→ Task to carry out
In the data, find each line where the word "from" appears and list that line.

→ Listed records
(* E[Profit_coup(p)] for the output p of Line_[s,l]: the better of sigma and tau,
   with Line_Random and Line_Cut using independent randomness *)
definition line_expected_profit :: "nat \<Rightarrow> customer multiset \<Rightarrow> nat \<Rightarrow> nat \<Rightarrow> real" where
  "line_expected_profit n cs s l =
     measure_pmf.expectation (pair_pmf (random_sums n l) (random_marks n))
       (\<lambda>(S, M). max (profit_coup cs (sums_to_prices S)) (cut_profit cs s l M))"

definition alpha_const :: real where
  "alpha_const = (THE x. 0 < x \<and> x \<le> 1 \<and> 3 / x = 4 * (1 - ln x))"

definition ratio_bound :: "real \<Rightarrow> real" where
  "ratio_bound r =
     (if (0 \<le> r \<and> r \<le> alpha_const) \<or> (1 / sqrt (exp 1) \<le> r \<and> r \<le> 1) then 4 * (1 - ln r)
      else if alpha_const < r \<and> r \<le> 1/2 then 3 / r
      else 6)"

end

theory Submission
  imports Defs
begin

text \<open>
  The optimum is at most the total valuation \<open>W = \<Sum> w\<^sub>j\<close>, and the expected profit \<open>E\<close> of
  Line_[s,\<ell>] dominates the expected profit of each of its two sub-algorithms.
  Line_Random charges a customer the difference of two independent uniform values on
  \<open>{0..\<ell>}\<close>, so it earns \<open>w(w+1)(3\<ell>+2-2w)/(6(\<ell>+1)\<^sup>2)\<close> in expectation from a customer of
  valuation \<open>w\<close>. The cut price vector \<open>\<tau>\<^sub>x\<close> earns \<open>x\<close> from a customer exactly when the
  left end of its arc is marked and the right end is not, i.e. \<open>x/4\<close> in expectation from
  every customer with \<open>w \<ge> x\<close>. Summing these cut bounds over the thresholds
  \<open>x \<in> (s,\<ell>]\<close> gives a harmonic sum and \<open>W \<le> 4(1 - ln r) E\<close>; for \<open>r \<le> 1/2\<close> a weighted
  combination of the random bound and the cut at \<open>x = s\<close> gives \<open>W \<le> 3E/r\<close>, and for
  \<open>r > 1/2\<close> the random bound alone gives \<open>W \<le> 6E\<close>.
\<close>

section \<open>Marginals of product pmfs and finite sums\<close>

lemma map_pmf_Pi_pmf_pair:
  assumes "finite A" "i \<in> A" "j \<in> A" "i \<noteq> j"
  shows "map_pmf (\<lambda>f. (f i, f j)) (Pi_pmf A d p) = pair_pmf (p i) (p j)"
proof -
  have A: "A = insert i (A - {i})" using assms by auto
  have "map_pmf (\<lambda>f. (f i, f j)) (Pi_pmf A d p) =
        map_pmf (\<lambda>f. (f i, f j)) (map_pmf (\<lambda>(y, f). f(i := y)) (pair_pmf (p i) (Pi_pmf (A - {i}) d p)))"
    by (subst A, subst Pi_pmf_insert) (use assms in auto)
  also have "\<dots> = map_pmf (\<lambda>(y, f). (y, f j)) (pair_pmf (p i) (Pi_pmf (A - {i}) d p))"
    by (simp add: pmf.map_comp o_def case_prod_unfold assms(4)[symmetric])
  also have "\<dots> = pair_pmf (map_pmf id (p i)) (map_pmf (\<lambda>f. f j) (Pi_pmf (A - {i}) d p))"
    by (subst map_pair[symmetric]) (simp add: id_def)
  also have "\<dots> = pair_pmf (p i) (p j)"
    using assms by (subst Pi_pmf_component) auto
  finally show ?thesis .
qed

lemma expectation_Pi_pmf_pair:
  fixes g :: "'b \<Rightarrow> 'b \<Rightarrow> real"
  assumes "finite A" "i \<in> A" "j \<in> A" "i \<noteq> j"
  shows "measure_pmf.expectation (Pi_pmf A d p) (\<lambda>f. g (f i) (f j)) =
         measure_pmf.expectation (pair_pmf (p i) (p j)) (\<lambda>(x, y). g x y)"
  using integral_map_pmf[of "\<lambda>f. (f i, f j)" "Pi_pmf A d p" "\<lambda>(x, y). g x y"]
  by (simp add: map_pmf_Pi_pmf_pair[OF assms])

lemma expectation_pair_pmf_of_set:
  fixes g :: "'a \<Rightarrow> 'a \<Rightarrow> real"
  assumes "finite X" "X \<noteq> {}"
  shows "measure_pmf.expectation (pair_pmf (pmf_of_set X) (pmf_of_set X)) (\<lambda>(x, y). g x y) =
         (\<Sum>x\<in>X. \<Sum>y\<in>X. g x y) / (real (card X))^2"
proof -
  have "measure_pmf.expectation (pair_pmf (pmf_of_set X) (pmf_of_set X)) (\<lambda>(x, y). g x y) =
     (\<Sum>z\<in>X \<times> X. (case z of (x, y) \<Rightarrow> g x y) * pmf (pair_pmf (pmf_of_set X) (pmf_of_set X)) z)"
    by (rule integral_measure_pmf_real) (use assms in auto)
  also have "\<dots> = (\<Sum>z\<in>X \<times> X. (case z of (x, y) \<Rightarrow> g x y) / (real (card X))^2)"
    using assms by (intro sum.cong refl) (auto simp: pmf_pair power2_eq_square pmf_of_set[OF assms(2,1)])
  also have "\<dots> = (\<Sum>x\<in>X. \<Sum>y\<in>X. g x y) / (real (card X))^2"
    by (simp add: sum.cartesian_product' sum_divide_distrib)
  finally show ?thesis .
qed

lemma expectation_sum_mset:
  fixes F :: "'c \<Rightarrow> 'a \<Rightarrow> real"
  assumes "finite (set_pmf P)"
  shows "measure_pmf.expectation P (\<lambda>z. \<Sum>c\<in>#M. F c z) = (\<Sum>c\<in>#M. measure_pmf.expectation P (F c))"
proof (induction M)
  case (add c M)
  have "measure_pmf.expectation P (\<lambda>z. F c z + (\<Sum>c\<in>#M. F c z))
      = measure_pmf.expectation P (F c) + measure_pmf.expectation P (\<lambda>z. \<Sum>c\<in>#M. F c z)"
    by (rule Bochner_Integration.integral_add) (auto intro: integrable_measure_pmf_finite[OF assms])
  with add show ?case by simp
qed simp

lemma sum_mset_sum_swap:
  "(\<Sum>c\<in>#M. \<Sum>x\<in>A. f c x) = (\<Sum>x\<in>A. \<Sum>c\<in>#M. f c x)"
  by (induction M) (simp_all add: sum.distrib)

→ Solved problem
  \<open>{0..\<ell>}\<close>, so it earns \<open>w(w+1)(3\<ell>+2-2w)/(6(\<ell>+1)\<^sup>2)\<close> in expectation from a customer of
  valuation \<open>w\<close>. The cut price vector \<open>\<tau>\<^sub>x\<close> earns \<open>x\<close> from a customer exactly when the
  left end of its arc is marked and the right end is not, i.e. \<open>x/4\<close> in expectation from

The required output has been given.